Not that such avoidance of specialisations is an aberration. Officers who have spent decades in unrelated fields have been regarded from 1951 onwards as sufficient to take up leadership roles in specialist departments such as Defence or Home. In the complex world of the 21st century, administrative expertise by itself may not be sufficient for success in outcomes, nor can the domain knowledge needed for such success be picked up from a few briefings. More departments, including Health and Education, need to follow the example of the Department of Science & Technology and that of Atomic Energy by ensuring the embedding of domain specialists, especially at middle and higher levels. It would appear that a “doctor is a doctor, no matter what he is a specialist in”, seems to have been the belief while choosing the personnel who were chosen to manage the SARS2 task forces, empowered groups and regulatory authorities

These were brought into operation during the start of the pandemic in 2020. What is needed is substantial expertise in the prevention and handling of epidemics, especially those of viral origin. There are several world class experts in this field in India. Judging by the reports featuring those prominent in government-appointed bodies, relatively few epidemiologists and specialists in viruses appear to have been tapped for manning SARS2 policy and monitoring groups.

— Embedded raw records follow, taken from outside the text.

lemma sum_tree_weight_replace_child:
  assumes "\<And>s. s \<in> set ss \<Longrightarrow> beta s = beta c"
    and "sum_list (map (tree_weight x t) ss) = M * tree_weight x t c"
  shows "sum_list (map (\<lambda>s. tree_weight x t (PNode v (A @ s # B))) ss) = M * tree_weight x t (PNode v (A @ c # B))"
proof -
  define K where "K = node_weight x t v (map beta (A @ c # B)) *
    prod_list (map (tree_weight x t) A) * prod_list (map (tree_weight x t) B)"
  have weight: "tree_weight x t (PNode v (A @ s # B)) = K * tree_weight x t s" if "beta s = beta c" for s
    using that by (simp add: K_def tree_weight_PNode mult_ac)
  have "sum_list (map (\<lambda>s. tree_weight x t (PNode v (A @ s # B))) ss) = sum_list (map (\<lambda>s. K * tree_weight x t s) ss)"
    using assms(1) weight by (intro arg_cong[where f = sum_list] map_cong) auto
  also have "\<dots> = K * (M * tree_weight x t c)"
    by (simp add: sum_list_const_mult assms(2))
  also have "\<dots> = M * tree_weight x t (PNode v (A @ c # B))"
    by (simp add: weight mult_ac)
  finally show ?thesis .
qed

lemma sum_subtree_insertions_weight:
  assumes "\<And>i s. i < length cs \<Longrightarrow> s \<in> set (f i) \<Longrightarrow> beta s = beta (cs ! i)"
    and "\<And>i. i < length cs \<Longrightarrow> sum_list (map (tree_weight x t) (f i)) = M (cs ! i) * tree_weight x t (cs ! i)"
  shows "sum_list (map (tree_weight x t) (concat (map (\<lambda>i. map (\<lambda>s. PNode v (cs[i := s])) (f i)) [0..<length cs])))
    = sum_list (map M cs) * tree_weight x t (PNode v cs)"
proof -
  let ?W = "tree_weight x t (PNode v cs)"
  have "sum_list (map (\<lambda>s. tree_weight x t (PNode v (cs[i := s]))) (f i)) = M (cs ! i) * ?W"
    if "i < length cs" for i
    using sum_tree_weight_replace_child[of "f i" "cs ! i" x t "M (cs ! i)" v "take i cs" "drop (Suc i) cs"]
      assms(1)[OF that] assms(2)[OF that]
    by (simp add: upd_conv_take_nth_drop[OF that] id_take_nth_drop[OF that, symmetric])
  then have "sum_list (map (tree_weight x t) (concat (map (\<lambda>i. map (\<lambda>s. PNode v (cs[i := s])) (f i)) [0..<length cs])))
      = sum_list (map (\<lambda>i. M (cs ! i) * ?W) [0..<length cs])"
    unfolding map_concat sum_list_concat map_map comp_def
    by (intro arg_cong[where f = sum_list] map_cong) auto
  also have "\<dots> = sum_list (map (\<lambda>i. M (cs ! i)) [0..<length cs]) * ?W"
    by (rule sum_list_mult_const)
  also have "map (\<lambda>i. M (cs ! i)) [0..<length cs] = map M cs"
    by (rule nth_equalityI) auto
  finally show ?thesis .
qed

definition vertex_x_sum :: "real \<Rightarrow> ptree \<Rightarrow> real" where
  "vertex_x_sum x s = sum_list (map (\<lambda>l. if l = 1 then x else 1) (labels s))"

text \<open>Leaf insertions below a vertex \<open>u\<close> with \<open>d\<close> children contribute \<open>(if u = 1 then x else 1) + d t\<close>,
  new roots one \<open>y\<close> for each of the \<open>|s|\<close> subtrees, and edge splits \<open>y + t\<close> per improper edge.\<close>

definition insertion_factor :: "real \<Rightarrow> real \<Rightarrow> ptree \<Rightarrow> real poly" where
  "insertion_factor x t s =
     [:vertex_x_sum x s + t * (real (length (labels s)) - 1):]
     + smult (real (length (labels s))) [:0, 1:] + smult (real (improper s)) [:t, 1:]"

lemma sum_list_insertion_factor:
  "sum_list (map (insertion_factor x t) cs) =
     [:sum_list (map (vertex_x_sum x) cs) + t * (real (sum_list (map (\<lambda>c. length (labels c)) cs)) - real (length cs)):]
   + smult (real (sum_list (map (\<lambda>c. length (labels c)) cs))) [:0, 1:]
   + smult (real (sum_list (map improper cs))) [:t, 1:]"
  by (induction cs) (simp_all add: insertion_factor_def smult_add_left algebra_simps)

lemma insertion_factor_PNode:
  "insertion_factor x t (PNode v cs) =
     [:0, 1:] + [:(if v = 1 then x else 1) + real (length cs) * t:]
     + smult (real (improper_node v cs)) [:t, 1:] + sum_list (map (insertion_factor x t) cs)"
proof -
  have "vertex_x_sum x (PNode v cs) = (if v = 1 then x else 1) + sum_list (map (vertex_x_sum x) cs)"
    unfolding vertex_x_sum_def by (simp add: map_concat sum_list_concat comp_def)
  moreover have "length (labels (PNode v cs)) = Suc (sum_list (map (\<lambda>c. length (labels c)) cs))"
    by (simp add: length_concat comp_def)
  ultimately show ?thesis
    unfolding sum_list_insertion_factor insertion_factor_def improper_PNode
    by (simp add: smult_add_left algebra_simps)
qed

lemma sum_insertions_weight:
  assumes "distinct (labels s)" and "\<forall>l\<in>set (labels s). 0 < l \<and> l < N"
  shows "sum_list (map (tree_weight x t) (insertions N s)) = insertion_factor x t s * tree_weight x t s"
  using assms
proof (induction s)
  case (PNode v cs)
  let ?W = "tree_weight x t (PNode v cs)"
  have "v < N" "N \<noteq> 1" and beta_less: "\<forall>c\<in>set cs. beta c < N"
    using PNode.prems(2) beta_in_labels by fastforce+
  have new_root: "tree_weight x t (PNode N [PNode v cs]) = [:0, 1:] * ?W"
    using \<open>v < N\<close> \<open>N \<noteq> 1\<close> beta_PNode_le_root[of v cs] by (intro tree_weight_new_root) auto
  have subtrees: "sum_list (map (tree_weight x t) (concat (map (\<lambda>i. map (\<lambda>s. PNode v (cs[i := s]))
      (insertions N (cs ! i))) [0..<length cs]))) = sum_list (map (insertion_factor x t) cs) * ?W"
  proof (rule sum_subtree_insertions_weight)
    fix i assume "i < length cs"
    then have c: "cs ! i \<in> set cs" by simp
    show "beta s = beta (cs ! i)" if "s \<in> set (insertions N (cs ! i))" for s
      using that PNode.prems(2) c by (intro beta_insertions) auto
    show "sum_list (map (tree_weight x t) (insertions N (cs ! i))) =
        insertion_factor x t (cs ! i) * tree_weight x t (cs ! i)"
      using PNode.prems distinct_labels_child[OF PNode.prems(1) c] c by (intro PNode.IH) auto
  qed
  have "sum_list (map (tree_weight x t) (insertions N (PNode v cs))) =
      [:0, 1:] * ?W + smult ((if v = 1 then x else 1) + real (length cs) * t) ?W
      + smult (real (improper_node v cs)) ([:t, 1:] * ?W) + sum_list (map (insertion_factor x t) cs) * ?W"
    using new_root sum_leaf_insertions_weight[OF beta_less \<open>v < N\<close> \<open>N \<noteq> 1\<close>]
      sum_edge_insertions_weight[OF PNode.prems] subtrees
    by (simp add: add.assoc)
  also have "\<dots> = insertion_factor x t (PNode v cs) * ?W"
    unfolding insertion_factor_PNode distrib_right mult_smult_left by simp
  finally show ?case .
qed

section \<open>Plane trees on [n] and the polynomials Q_n\<close>

definition labelled_trees :: "nat \<Rightarrow> ptree set" where
  "labelled_trees n = {T. distinct (labels T) \<and> set (labels T) = {1..n}}"

definition tree_poly :: "real \<Rightarrow> real \<Rightarrow> nat \<Rightarrow> real poly" where
  "tree_poly x t n = (\<Sum>T\<in>labelled_trees n. tree_weight x t T)"

lemma labelled_trees_one: "labelled_trees (Suc 0) = {PNode 1 []}"
proof (intro equalityI subsetI)
  fix T assume "T \<in> labelled_trees (Suc 0)"
  then have "distinct (labels T)" and labels: "set (labels T) = {1}" by (auto simp: labelled_trees_def)
  then have "length (labels T) = 1" using distinct_card by fastforce
  moreover obtain v cs where T: "T = PNode v cs" by (cases T)
  ultimately have "cs = []" "v = 1" using labels labels_not_Nil by (auto simp: length_concat sum_list_eq_0_iff)
  then show "T \<in> {PNode 1 []}" using T by simp
qed (simp add: labelled_trees_def)

lemma mem_labelled_trees_Suc_iff:
  assumes "mset (labels T') = mset (Suc n # labels T)"
  shows "T' \<in> labelled_trees (Suc n) \<longleftrightarrow> T \<in> labelled_trees n"
proof -
  have "distinct (labels T') \<longleftrightarrow> Suc n \<notin> set (labels T) \<and> distinct (labels T)"
    using mset_eq_imp_distinct_iff[OF assms] by simp
  moreover have "set (labels T') = insert (Suc n) (set (labels T))"
    using mset_eq_setD[OF assms] by simp
  moreover have "Suc n \<notin> set (labels T) \<Longrightarrow>
      insert (Suc n) (set (labels T)) = {1..Suc n} \<longleftrightarrow> set (labels T) = {1..n}"
    using insert_ident[of "Suc n" "set (labels T)" "{1..n}"] by (simp add: atLeastAtMostSuc_conv)
  ultimately show ?thesis
    unfolding labelled_trees_def by auto
qed

lemma labelled_trees_Suc:
  assumes "1 \<le> n"
  shows "labelled_trees (Suc n) = (\<Union>T\<in>labelled_trees n. set (insertions (Suc n) T))"
proof (intro equalityI subsetI)
  fix T' assume T': "T' \<in> labelled_trees (Suc n)"
  then have distinct: "distinct (labels T')" and labels: "set (labels T') = {1..Suc n}"
    by (auto simp: labelled_trees_def)
  have "1 \<in> set (labels T')" using labels by simp
  then have "T' \<noteq> PNode (Suc n) []" using assms by auto
  then have insertion: "T' \<in> set (insertions (Suc n) (delete_vertex (Suc n) T'))"
    using distinct labels by (intro insertions_delete_vertex) auto
  moreover have "delete_vertex (Suc n) T' \<in> labelled_trees n"
    using mem_labelled_trees_Suc_iff[of T' n "delete_vertex (Suc n) T'"] mset_labels_insertions[OF insertion] T'
    by simp
  ultimately show "T' \<in> (\<Union>T\<in>labelled_trees n. set (insertions (Suc n) T))" by blast
next
  fix T' assume "T' \<in> (\<Union>T\<in>labelled_trees n. set (insertions (Suc n) T))"
  then obtain T where "T \<in> labelled_trees n" and T': "T' \<in> set (insertions (Suc n) T)" by blast
  then show "T' \<in> labelled_trees (Suc n)"
    using mem_labelled_trees_Suc_iff[of T' n T] mset_labels_insertions[OF T'] by simp
qed

lemma finite_labelled_trees: "finite (labelled_trees n)"
proof (cases "n = 0")
  case True
  then have "labelled_trees n = {}" using labels_not_Nil by (auto simp: labelled_trees_def)
  then show ?thesis by simp
next
  case False
  then have "1 \<le> n" by simp
  then show ?thesis
    by (induction n rule: nat_induct_at_least) (simp_all add: labelled_trees_one labelled_trees_Suc)
qed

lemma pderiv_tree_weight:
  "[:0, 1:] * pderiv (tree_weight x t T) = smult (real (improper T)) (tree_weight x t T)"
proof (cases "improper T")
  case 0
  then show ?thesis by (simp add: tree_weight_def pderiv_monom)
next
  case (Suc m)
  have "[:0, 1:] * monom b m = monom b (Suc m)" for b :: real
    by (simp add: monom_Suc)
  then show ?thesis using Suc by (simp add: tree_weight_def pderiv_monom smult_monom)
qed

lemma insertion_factor_mult_tree_weight:
  assumes "T \<in> labelled_trees n"
  shows "insertion_factor x t T * tree_weight x t T =
    smult (x - t - 1 + real n) (tree_weight x t T)
    + [:t, 1:] * (smult (real n) (tree_weight x t T) + [:0, 1:] * pderiv (tree_weight x t T))"
proof -
  have distinct: "distinct (labels T)" and labels: "set (labels T) = {1..n}"
    using assms by (auto simp: labelled_trees_def)
  then have length: "length (labels T) = n" using distinct_card by fastforce
  then have "1 \<le> n" using labels_not_Nil[of T] by (cases n) auto
  have "vertex_x_sum x T = (\<Sum>l\<in>{1..n}. if l = 1 then x else 1)"
    unfolding vertex_x_sum_def using sum_list_distinct_conv_sum_set[OF distinct] labels by simp
  also have "\<dots> = x + (real n - 1)"
    using \<open>1 \<le> n\<close> by (simp add: sum.atLeast_Suc_atMost)
  finally have "vertex_x_sum x T = x + (real n - 1)" .
  then have factor: "insertion_factor x t T = [:x + (real n - 1) + t * (real n - 1):]
      + smult (real n) [:0, 1:] + smult (real (improper T)) [:t, 1:]"
    by (simp add: insertion_factor_def length)
  show ?thesis
    unfolding factor pderiv_tree_weight
    by (rule poly_eq_poly_eq_iff[THEN iffD1], rule ext) (simp add: algebra_simps)
qed

lemma tree_poly_Suc:
  assumes "1 \<le> n"
  shows "tree_poly x t (Suc n) = smult (x - t - 1 + real n) (tree_poly x t n)
    + [:t, 1:] * (smult (real n) (tree_poly x t n) + [:0, 1:] * pderiv (tree_poly x t n))"
proof -
  have "set (insertions (Suc n) T1) \<inter> set (insertions (Suc n) T2) = {}"
    if "T1 \<in> labelled_trees n" "T2 \<in> labelled_trees n" "T1 \<noteq> T2" for T1 T2
    using that delete_vertex_insertions[of T1 "Suc n"] delete_vertex_insertions[of T2 "Suc n"]
    by (fastforce simp: labelled_trees_def)
  then have "tree_poly x t (Suc n) = (\<Sum>T\<in>labelled_trees n. \<Sum>T'\<in>set (insertions (Suc n) T). tree_weight x t T')"
    unfolding tree_poly_def labelled_trees_Suc[OF assms]
    by (intro sum.UNION_disjoint) (auto simp: finite_labelled_trees)
  also have "\<dots> = (\<Sum>T\<in>labelled_trees n. insertion_factor x t T * tree_weight x t T)"
  proof (rule sum.cong)
    fix T assume "T \<in> labelled_trees n"
    then have "distinct (labels T)" "set (labels T) = {1..n}" by (auto simp: labelled_trees_def)
    then show "(\<Sum>T'\<in>set (insertions (Suc n) T). tree_weight x t T') = insertion_factor x t T * tree_weight x t T"
      by (simp add: sum_list_distinct_conv_sum_set[symmetric] distinct_insertions sum_insertions_weight)
  qed simp
  also have "\<dots> = (\<Sum>T\<in>labelled_trees n. smult (x - t - 1 + real n) (tree_weight x t T)
      + [:t, 1:] * (smult (real n) (tree_weight x t T) + [:0, 1:] * pderiv (tree_weight x t T)))"
    by (intro sum.cong) (simp_all add: insertion_factor_mult_tree_weight)
  also have "\<dots> = smult (x - t - 1 + real n) (tree_poly x t n)
      + [:t, 1:] * (smult (real n) (tree_poly x t n) + [:0, 1:] * pderiv (tree_poly x t n))"
    unfolding tree_poly_def
    by (simp only: sum.distrib sum_distrib_left smult_sum_right pderiv_sum distrib_left)
  finally show ?thesis .
qed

What had been needed from early 2020 itself was to have ensured that longstanding regulatory and other obstacles got cleared. There needed to be decentralisation of oxygen production and supply in place of the cumbersome system involving a few big producers that has long been in operation in the country. The removal of regulatory blockages to expansion and decentralisation of oxygen supply took place only after the direct intervention of the Prime Minister six weeks ago. Similarly, there needed to be a trawl of companies operating in India that have the potential to make vaccines and therapeutics found to be helpful in battling SARS-2.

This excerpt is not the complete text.